# Another Newbie...What to expect?



## ddw4423 (Feb 27, 2021)

Glad to be here, first off. Hope everyone is having a great day.
I got officially on boarded as a Warehouse Associate at my DC on A1 key. The job looked acceptable labor wise and the people there seemed to enjoy it. (Lots of people there over 30 years...ever since it opened)

What can I expect from being a Warehouse Associate? Any special tips to make it past the 90 day probationary period? And after 6 months, what department would you recommend I work? I want to try all of them so I have a fair amount of experience and maybe move up. Also, is consistent overtime something that is allowed? (Ex: getting 56-60 hours per week every week). This is a job I really want to do well at, it can change my life for the better. Any tips or expectations would be greatly appreciated!


----------



## FrankM0421 (Feb 28, 2021)

Expect continuous monotonous work. The grass isn't always greener on the other side. Just enjoy being employed and doing what you're doing you'll eventually get on other machines and hate them just as much as any other.  Avoid associating or getting involved with any drama\slackers\constant complainers\any negativity in general. You'll notice that the ones that have been there for years are all usually pretty quiet and just there to work.  As long as you are constantly increasing your pace to meet expectations you should be fine productivity wise. Ask the same question to multiple people.

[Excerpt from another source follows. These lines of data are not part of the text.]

lemma bounded_op_add:
  assumes S: "bounded_op M S" and T: "bounded_op M T"
  shows "bounded_op M (op_add S T)"
proof (rule bounded_opI[where C="opnorm M S + opnorm M T"])
  note S' = bounded_opD[OF S] and T' = bounded_opD[OF T]
  fix f assume f: "f \<in> L2 M"
  show "op_add S T f \<in> L2 M" unfolding op_add_def using S'(1) T'(1) f by (intro L2_add)
  show "l2norm M (op_add S T f) \<le> (opnorm M S + opnorm M T) * l2norm M f"
    by (rule l2norm_op_add_le[OF S T f])
  fix c
  show "AE x in M. op_add S T (\<lambda>y. c * f y) x = c * op_add S T f x"
    using S'(4)[OF f, of c] T'(4)[OF f, of c] unfolding op_add_def
    by eventually_elim (simp add: algebra_simps)
next
  note S' = bounded_opD[OF S] and T' = bounded_opD[OF T]
  fix f g assume f: "f \<in> L2 M" and g: "g \<in> L2 M"
  show "AE x in M. op_add S T (\<lambda>y. f y + g y) x = op_add S T f x + op_add S T g x"
    using S'(3)[OF f g] T'(3)[OF f g] unfolding op_add_def
    by eventually_elim (simp add: algebra_simps)
  assume ae: "AE x in M. f x = g x"
  show "AE x in M. op_add S T f x = op_add S T g x"
    using S'(2)[OF f g ae] T'(2)[OF f g ae] unfolding op_add_def by eventually_elim simp
qed

lemma opnorm_add_le:
  assumes "bounded_op M S" "bounded_op M T"
  shows "opnorm M (op_add S T) \<le> opnorm M S + opnorm M T"
  using assms opnorm_nonneg[OF assms(1)] opnorm_nonneg[OF assms(2)]
  by (intro opnorm_leI l2norm_op_add_le) auto

lemma bounded_op_scale:
  assumes T: "bounded_op M T"
  shows "bounded_op M (op_scale c T)"
proof (rule bounded_opI[where C="cmod c * opnorm M T"])
  note T' = bounded_opD[OF T]
  fix f assume f: "f \<in> L2 M"
  show "op_scale c T f \<in> L2 M" unfolding op_scale_def using T'(1) f by (intro L2_cmult)
  show "l2norm M (op_scale c T f) \<le> cmod c * opnorm M T * l2norm M f"
    unfolding op_scale_def l2norm_cmult mult.assoc
    by (intro mult_left_mono l2norm_op_le T f) simp
  fix d
  show "AE x in M. op_scale c T (\<lambda>y. d * f y) x = d * op_scale c T f x"
    using T'(4)[OF f, of d] unfolding op_scale_def by eventually_elim (simp add: algebra_simps)
next
  note T' = bounded_opD[OF T]
  fix f g assume f: "f \<in> L2 M" and g: "g \<in> L2 M"
  show "AE x in M. op_scale c T (\<lambda>y. f y + g y) x = op_scale c T f x + op_scale c T g x"
    using T'(3)[OF f g] unfolding op_scale_def by eventually_elim (simp add: algebra_simps)
  assume ae: "AE x in M. f x = g x"
  show "AE x in M. op_scale c T f x = op_scale c T g x"
    using T'(2)[OF f g ae] unfolding op_scale_def by eventually_elim simp
qed

lemma opnorm_scale_le:
  assumes T: "bounded_op M T"
  shows "opnorm M (op_scale c T) \<le> cmod c * opnorm M T"
proof (rule opnorm_leI)
  show "0 \<le> cmod c * opnorm M T" using opnorm_nonneg[OF T] by simp
  fix f assume f: "f \<in> L2 M"
  show "l2norm M (op_scale c T f) \<le> cmod c * opnorm M T * l2norm M f"
    unfolding op_scale_def l2norm_cmult mult.assoc
    by (intro mult_left_mono l2norm_op_le T f) simp
qed

lemma op_diff_eq_add_scale: "op_diff S T = op_add S (op_scale (-1) T)"
  by (auto simp: op_diff_def op_add_def op_scale_def fun_eq_iff)

lemma bounded_op_diff: "bounded_op M S \<Longrightarrow> bounded_op M T \<Longrightarrow> bounded_op M (op_diff S T)"
  unfolding op_diff_eq_add_scale by (intro bounded_op_add bounded_op_scale)

lemma opnorm_diff_le:
  assumes "bounded_op M S" "bounded_op M T"
  shows "opnorm M (op_diff S T) \<le> opnorm M S + opnorm M T"
proof -
  have "opnorm M (op_diff S T) \<le> opnorm M S + opnorm M (op_scale (-1) T)"
    unfolding op_diff_eq_add_scale using assms by (intro opnorm_add_le bounded_op_scale)
  also have "opnorm M (op_scale (-1) T) \<le> opnorm M T"
    using opnorm_scale_le[OF assms(2), of "-1"] by simp
  finally show ?thesis by simp
qed

lemma bounded_op_zero: "bounded_op M op_zero"
  by (rule bounded_opI[where C=0]) (auto simp: op_zero_def L2_zero l2norm_zero)

lemma opnorm_zero: "opnorm M op_zero = 0"
proof (rule antisym)
  show "opnorm M op_zero \<le> 0" by (rule opnorm_leI) (simp_all add: op_zero_def l2norm_zero)
qed (rule opnorm_nonneg[OF bounded_op_zero])

lemma bounded_op_mult_ind:
  assumes A: "A \<in> sets M"
  shows "bounded_op M (mult_ind A)"
proof (rule bounded_opI[where C=1])
  fix f assume f: "f \<in> L2 M"
  show "mult_ind A f \<in> L2 M" by (rule L2_mult_ind[OF A f])
  show "l2norm M (mult_ind A f) \<le> 1 * l2norm M f" using l2norm_mult_ind_le[OF f] by simp
  fix c show "AE x in M. mult_ind A (\<lambda>y. c * f y) x = c * mult_ind A f x"
    by (simp add: mult_ind_def)
next
  fix f g assume "f \<in> L2 M" "g \<in> L2 M"
  show "AE x in M. mult_ind A (\<lambda>y. f y + g y) x = mult_ind A f x + mult_ind A g x"
    by (simp add: mult_ind_def algebra_simps)
  assume "AE x in M. f x = g x"
  then show "AE x in M. mult_ind A f x = mult_ind A g x"
    unfolding mult_ind_def by eventually_elim simp
qed

lemma bounded_op_mult_ind_comp:
  "A \<in> sets M \<Longrightarrow> bounded_op M T \<Longrightarrow> bounded_op M (mult_ind A \<circ> T)"
  by (intro bounded_op_comp bounded_op_mult_ind)

lemma opnorm_mult_ind_comp_mono:
  assumes T: "bounded_op M T" and B: "B \<in> sets M" and "A \<subseteq> B"
  shows "opnorm M (mult_ind A \<circ> T) \<le> opnorm M (mult_ind B \<circ> T)"
proof (rule opnorm_leI)
  have BT: "bounded_op M (mult_ind B \<circ> T)" by (rule bounded_op_mult_ind_comp[OF B T])
  show "0 \<le> opnorm M (mult_ind B \<circ> T)" by (rule opnorm_nonneg[OF BT])
  fix f assume f: "f \<in> L2 M"
  have "l2norm M ((mult_ind A \<circ> T) f) \<le> l2norm M ((mult_ind B \<circ> T) f)"
    using bounded_opD(1)[OF BT f] \<open>A \<subseteq> B\<close>
    by (intro l2norm_mono) (auto simp: mult_ind_def indicator_def)
  also have "\<dots> \<le> opnorm M (mult_ind B \<circ> T) * l2norm M f" by (rule l2norm_op_le[OF BT f])
  finally show "l2norm M ((mult_ind A \<circ> T) f) \<le> opnorm M (mult_ind B \<circ> T) * l2norm M f" .
qed

lemma opnorm_mult_ind_comp_le:
  assumes T: "bounded_op M T"
  shows "opnorm M (mult_ind A \<circ> T) \<le> opnorm M T"
proof (rule opnorm_leI)
  show "0 \<le> opnorm M T" by (rule opnorm_nonneg[OF T])
  fix f assume f: "f \<in> L2 M"
  have "l2norm M ((mult_ind A \<circ> T) f) \<le> l2norm M (T f)"
    using l2norm_mult_ind_le[OF bounded_opD(1)[OF T f]] by simp
  also have "\<dots> \<le> opnorm M T * l2norm M f" by (rule l2norm_op_le[OF T f])
  finally show "l2norm M ((mult_ind A \<circ> T) f) \<le> opnorm M T * l2norm M f" .
qed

At my DC the top 2 reasons people get fired are attendance\safety.  Consistent overtime is allowed if they have reasons to approve it.  Someone that's been around and trained at every function certified on every machine with higher system privilege's will more likely get theirs approved before you.  If it's mandatory that's a different thing.  Our DC has been giving the new people mandatory OT after 30 days if they do ok.


----------



## InboundDCguy (Feb 28, 2021)

The right department for you is going to depend on what you’re looking for.
Outbound is sort of like getting paid to go to the gym.
Warehousing gets to use a lot of different equipment.
Inbound is the only department that you work closely with other people most of the time.
Not exactly sure how to describe the person that enjoys breakpack, seems super tedious to me, but I’ve never done it outside of feeding.


----------



## Dcnewb4now (Feb 28, 2021)

InboundDCguy said:


> The right department for you is going to depend on what you’re looking for.
> Outbound is sort of like getting paid to go to the gym.
> Warehousing gets to use a lot of different equipment.
> Inbound is the only department that you work closely with other people most of the time.
> Not exactly sure how to describe the person that enjoys breakpack, seems super tedious to me, but I’ve never done it outside of feeding.


Mbp isn’t bad. Similar to ca in warehouse but without the super heavy cartons.

The biggest issue people have is being able to read the label and understand what an ssp is.


----------



## Johnyj7657 (Feb 28, 2021)

Biggest thing is show up.
Don't need to be a super star puller.
Just come to work,  everyday,  snowing out you come to work.

We have people who barely do half of expected prod but they are here every day and nobody hassles them cause they come to work


----------



## davg92 (Mar 18, 2021)

It sounds very threatening, and a little scary for the future. Rather, one has to ask how to overcome it. How did you deal with the pressure? This path doesn't seem easy.


----------



## Hardlinesmaster (Sep 13, 2021)

Welcome!


----------



## DC Diva (Sep 14, 2021)

Show up for work, on time, for scheduled shifts.  Listen when others are trying to teach you things, don’t act like you know everything already.  And act like you care about your job and your team.  Those are the basics, and should not be too difficult to master.


----------